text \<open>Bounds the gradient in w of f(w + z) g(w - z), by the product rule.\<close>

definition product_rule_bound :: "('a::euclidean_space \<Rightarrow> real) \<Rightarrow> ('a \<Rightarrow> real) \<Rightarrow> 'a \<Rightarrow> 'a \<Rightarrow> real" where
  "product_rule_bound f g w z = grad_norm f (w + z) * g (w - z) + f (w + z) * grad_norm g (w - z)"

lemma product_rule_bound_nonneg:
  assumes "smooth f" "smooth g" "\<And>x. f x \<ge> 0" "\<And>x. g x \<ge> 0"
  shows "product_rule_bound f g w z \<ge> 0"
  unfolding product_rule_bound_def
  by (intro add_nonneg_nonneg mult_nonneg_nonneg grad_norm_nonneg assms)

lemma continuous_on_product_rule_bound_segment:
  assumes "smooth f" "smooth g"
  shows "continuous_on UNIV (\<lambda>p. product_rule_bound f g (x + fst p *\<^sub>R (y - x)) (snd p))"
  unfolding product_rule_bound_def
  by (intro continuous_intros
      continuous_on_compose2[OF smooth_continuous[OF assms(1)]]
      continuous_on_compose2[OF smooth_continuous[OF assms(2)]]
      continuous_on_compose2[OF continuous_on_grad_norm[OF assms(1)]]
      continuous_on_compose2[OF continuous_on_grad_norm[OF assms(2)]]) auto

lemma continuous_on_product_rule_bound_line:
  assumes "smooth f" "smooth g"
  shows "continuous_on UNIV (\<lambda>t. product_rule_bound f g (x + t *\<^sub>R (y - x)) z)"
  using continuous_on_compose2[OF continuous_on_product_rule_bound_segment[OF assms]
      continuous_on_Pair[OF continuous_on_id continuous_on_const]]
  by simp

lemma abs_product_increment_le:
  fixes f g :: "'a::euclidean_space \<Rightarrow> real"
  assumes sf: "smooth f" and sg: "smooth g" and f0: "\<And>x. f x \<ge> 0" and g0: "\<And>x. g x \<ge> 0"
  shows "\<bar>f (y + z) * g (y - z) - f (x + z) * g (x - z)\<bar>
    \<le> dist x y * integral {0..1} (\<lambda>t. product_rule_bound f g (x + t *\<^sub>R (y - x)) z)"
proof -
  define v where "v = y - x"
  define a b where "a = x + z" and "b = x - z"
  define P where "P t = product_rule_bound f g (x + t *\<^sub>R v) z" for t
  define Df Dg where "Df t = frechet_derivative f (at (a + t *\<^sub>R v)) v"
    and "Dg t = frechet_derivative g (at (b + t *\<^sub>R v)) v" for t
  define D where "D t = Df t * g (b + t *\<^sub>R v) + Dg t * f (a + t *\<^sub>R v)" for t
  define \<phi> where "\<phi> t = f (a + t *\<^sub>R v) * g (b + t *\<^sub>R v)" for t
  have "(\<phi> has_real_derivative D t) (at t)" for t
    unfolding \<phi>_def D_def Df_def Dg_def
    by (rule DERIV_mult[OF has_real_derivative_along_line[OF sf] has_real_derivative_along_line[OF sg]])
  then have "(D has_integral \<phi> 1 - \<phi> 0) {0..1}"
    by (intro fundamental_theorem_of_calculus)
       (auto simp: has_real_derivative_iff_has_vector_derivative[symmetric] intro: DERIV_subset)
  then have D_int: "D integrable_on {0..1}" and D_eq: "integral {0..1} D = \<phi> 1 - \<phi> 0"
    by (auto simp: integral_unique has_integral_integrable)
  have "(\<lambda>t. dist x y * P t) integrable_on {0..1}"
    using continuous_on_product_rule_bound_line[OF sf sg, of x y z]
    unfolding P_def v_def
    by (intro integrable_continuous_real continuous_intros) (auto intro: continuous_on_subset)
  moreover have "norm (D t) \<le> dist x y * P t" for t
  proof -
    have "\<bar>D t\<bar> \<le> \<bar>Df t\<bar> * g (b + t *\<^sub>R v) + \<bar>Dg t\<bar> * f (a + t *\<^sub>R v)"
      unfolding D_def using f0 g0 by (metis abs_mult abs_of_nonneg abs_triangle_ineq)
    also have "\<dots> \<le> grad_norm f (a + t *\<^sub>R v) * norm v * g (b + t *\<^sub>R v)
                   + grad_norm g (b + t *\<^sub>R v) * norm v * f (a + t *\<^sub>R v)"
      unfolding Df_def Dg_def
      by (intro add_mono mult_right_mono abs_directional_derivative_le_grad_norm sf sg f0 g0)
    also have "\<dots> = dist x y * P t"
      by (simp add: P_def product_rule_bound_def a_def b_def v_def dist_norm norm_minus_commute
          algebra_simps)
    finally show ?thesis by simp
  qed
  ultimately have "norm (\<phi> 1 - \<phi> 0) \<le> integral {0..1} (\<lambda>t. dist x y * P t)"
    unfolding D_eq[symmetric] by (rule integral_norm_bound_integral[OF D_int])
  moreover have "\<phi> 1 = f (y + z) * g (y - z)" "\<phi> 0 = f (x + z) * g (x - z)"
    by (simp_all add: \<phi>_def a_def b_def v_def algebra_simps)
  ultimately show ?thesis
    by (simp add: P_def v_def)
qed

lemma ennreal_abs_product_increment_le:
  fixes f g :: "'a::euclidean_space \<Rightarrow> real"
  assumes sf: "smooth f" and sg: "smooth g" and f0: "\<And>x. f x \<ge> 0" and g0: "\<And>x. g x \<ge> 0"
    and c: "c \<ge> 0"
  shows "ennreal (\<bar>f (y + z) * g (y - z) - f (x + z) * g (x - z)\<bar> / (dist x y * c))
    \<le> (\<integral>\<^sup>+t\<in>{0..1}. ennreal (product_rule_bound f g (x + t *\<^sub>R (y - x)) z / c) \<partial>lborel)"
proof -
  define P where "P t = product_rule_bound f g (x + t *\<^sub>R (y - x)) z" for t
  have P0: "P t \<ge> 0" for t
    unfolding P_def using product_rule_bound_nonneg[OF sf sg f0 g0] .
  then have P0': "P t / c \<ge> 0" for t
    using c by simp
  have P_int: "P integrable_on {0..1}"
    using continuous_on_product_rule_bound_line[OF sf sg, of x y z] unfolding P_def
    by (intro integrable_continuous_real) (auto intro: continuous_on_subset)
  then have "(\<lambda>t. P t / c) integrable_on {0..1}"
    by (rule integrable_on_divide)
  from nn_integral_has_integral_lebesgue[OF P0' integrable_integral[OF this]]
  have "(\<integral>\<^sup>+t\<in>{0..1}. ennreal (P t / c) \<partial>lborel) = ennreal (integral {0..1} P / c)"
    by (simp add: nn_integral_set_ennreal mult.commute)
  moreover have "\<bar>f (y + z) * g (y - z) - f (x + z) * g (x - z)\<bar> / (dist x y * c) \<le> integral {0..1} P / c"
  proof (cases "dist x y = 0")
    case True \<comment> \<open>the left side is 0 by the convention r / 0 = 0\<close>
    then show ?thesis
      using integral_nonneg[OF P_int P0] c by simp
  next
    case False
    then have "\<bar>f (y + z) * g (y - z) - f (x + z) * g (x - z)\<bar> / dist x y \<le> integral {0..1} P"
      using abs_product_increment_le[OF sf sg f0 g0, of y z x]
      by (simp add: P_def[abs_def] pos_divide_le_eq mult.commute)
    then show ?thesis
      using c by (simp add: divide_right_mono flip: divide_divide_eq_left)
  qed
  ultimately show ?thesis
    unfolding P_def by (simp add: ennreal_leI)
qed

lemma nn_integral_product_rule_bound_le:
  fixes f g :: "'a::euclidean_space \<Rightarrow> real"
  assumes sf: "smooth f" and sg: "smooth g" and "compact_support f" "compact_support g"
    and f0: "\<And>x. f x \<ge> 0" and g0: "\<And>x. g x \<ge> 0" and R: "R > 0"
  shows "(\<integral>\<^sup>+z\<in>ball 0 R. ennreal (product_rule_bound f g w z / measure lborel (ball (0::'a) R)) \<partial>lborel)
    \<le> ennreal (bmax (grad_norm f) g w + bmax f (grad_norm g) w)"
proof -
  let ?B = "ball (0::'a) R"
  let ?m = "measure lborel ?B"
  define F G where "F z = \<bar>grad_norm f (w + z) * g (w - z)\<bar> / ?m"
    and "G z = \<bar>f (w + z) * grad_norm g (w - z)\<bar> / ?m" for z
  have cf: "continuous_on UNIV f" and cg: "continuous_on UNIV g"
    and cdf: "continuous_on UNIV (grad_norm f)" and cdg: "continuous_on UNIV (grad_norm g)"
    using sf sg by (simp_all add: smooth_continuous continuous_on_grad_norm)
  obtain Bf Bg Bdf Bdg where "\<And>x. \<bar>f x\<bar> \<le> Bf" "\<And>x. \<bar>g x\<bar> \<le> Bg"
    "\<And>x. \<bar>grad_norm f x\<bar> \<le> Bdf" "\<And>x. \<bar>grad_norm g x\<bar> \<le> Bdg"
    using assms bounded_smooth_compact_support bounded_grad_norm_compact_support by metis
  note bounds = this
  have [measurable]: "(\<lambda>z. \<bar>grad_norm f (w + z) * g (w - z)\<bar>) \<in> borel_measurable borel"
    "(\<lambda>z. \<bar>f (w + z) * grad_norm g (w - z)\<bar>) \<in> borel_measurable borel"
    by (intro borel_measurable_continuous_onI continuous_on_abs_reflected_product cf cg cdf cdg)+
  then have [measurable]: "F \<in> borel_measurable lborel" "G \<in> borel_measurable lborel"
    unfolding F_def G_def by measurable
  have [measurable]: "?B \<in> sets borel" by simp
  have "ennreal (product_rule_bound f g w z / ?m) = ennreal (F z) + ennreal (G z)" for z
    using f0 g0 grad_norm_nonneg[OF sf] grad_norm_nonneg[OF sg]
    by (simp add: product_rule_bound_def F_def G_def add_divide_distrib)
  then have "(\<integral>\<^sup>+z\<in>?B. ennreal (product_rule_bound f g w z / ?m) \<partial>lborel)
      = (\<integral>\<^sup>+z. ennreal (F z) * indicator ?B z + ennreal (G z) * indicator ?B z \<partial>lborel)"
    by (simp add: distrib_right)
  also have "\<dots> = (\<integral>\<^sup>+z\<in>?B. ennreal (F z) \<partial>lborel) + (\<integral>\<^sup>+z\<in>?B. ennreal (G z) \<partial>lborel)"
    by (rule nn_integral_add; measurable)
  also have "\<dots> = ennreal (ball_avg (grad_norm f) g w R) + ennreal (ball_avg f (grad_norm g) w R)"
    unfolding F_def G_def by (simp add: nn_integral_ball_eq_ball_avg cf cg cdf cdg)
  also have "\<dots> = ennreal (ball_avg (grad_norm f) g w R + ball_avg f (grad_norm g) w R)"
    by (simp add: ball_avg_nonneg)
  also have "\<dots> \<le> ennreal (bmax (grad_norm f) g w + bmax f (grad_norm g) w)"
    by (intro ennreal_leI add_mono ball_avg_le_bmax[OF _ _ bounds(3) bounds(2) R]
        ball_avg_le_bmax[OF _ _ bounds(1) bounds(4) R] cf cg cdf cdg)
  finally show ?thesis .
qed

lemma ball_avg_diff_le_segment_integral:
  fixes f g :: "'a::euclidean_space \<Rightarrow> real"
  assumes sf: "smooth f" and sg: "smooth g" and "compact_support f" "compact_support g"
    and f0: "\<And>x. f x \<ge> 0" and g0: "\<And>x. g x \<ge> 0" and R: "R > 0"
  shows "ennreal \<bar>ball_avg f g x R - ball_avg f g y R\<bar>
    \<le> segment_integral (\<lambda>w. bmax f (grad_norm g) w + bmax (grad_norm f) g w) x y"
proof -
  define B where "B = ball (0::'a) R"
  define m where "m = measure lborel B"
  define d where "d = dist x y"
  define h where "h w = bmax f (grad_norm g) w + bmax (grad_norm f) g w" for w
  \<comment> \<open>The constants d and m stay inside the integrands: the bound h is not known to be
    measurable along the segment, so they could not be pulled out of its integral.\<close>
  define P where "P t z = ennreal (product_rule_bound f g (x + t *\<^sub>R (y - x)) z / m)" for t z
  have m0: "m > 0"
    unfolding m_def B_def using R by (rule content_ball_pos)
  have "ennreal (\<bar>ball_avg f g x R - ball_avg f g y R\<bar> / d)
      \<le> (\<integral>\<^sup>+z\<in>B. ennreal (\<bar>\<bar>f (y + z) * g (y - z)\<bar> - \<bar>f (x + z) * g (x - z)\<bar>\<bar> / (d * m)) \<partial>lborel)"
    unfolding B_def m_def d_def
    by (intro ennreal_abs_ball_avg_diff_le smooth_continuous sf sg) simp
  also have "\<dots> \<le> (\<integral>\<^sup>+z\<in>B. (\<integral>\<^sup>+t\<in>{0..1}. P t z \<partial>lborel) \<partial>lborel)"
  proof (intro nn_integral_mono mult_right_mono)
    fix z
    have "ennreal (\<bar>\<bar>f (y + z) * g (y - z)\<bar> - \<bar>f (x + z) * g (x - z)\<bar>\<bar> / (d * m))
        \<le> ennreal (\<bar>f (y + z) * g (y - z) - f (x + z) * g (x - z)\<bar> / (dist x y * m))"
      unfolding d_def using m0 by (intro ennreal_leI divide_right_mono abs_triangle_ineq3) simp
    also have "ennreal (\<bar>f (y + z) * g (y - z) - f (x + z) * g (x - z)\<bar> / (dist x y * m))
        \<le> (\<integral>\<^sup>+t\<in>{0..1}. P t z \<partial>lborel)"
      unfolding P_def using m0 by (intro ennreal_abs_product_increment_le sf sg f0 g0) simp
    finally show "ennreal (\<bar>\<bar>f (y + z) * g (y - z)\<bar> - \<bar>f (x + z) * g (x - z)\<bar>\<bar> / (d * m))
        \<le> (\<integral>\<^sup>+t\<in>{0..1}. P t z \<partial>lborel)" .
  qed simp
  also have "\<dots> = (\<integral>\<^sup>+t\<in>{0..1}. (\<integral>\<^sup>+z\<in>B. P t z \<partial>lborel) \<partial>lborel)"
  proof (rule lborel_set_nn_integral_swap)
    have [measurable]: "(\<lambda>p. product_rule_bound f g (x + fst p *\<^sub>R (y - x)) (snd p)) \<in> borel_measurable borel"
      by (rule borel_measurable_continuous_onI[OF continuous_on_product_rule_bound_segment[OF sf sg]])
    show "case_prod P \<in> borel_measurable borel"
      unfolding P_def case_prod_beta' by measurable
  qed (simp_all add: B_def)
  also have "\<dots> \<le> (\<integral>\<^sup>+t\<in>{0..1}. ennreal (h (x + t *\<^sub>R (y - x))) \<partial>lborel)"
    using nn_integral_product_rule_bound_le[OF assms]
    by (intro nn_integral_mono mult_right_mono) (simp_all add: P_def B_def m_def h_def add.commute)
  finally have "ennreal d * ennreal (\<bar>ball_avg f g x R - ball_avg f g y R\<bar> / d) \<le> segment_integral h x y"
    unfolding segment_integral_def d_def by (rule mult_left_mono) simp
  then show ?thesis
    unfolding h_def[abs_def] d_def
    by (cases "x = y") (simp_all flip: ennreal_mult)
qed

-*-

TASK REQUIREMENTS
Copy verbatim, from the listing above, each line from the one containing "proof (rule lborel_set_nn_integral_swap)" down to the one containing "using nn_integral_product_rule_bound_le[OF assms]", inclusive.

RESPONSE TO THE EXERCISE
  proof (rule lborel_set_nn_integral_swap)
    have [measurable]: "(\<lambda>p. product_rule_bound f g (x + fst p *\<^sub>R (y - x)) (snd p)) \<in> borel_measurable borel"
      by (rule borel_measurable_continuous_onI[OF continuous_on_product_rule_bound_segment[OF sf sg]])
    show "case_prod P \<in> borel_measurable borel"
      unfolding P_def case_prod_beta' by measurable
  qed (simp_all add: B_def)
  also have "\<dots> \<le> (\<integral>\<^sup>+t\<in>{0..1}. ennreal (h (x + t *\<^sub>R (y - x))) \<partial>lborel)"
    using nn_integral_product_rule_bound_le[OF assms]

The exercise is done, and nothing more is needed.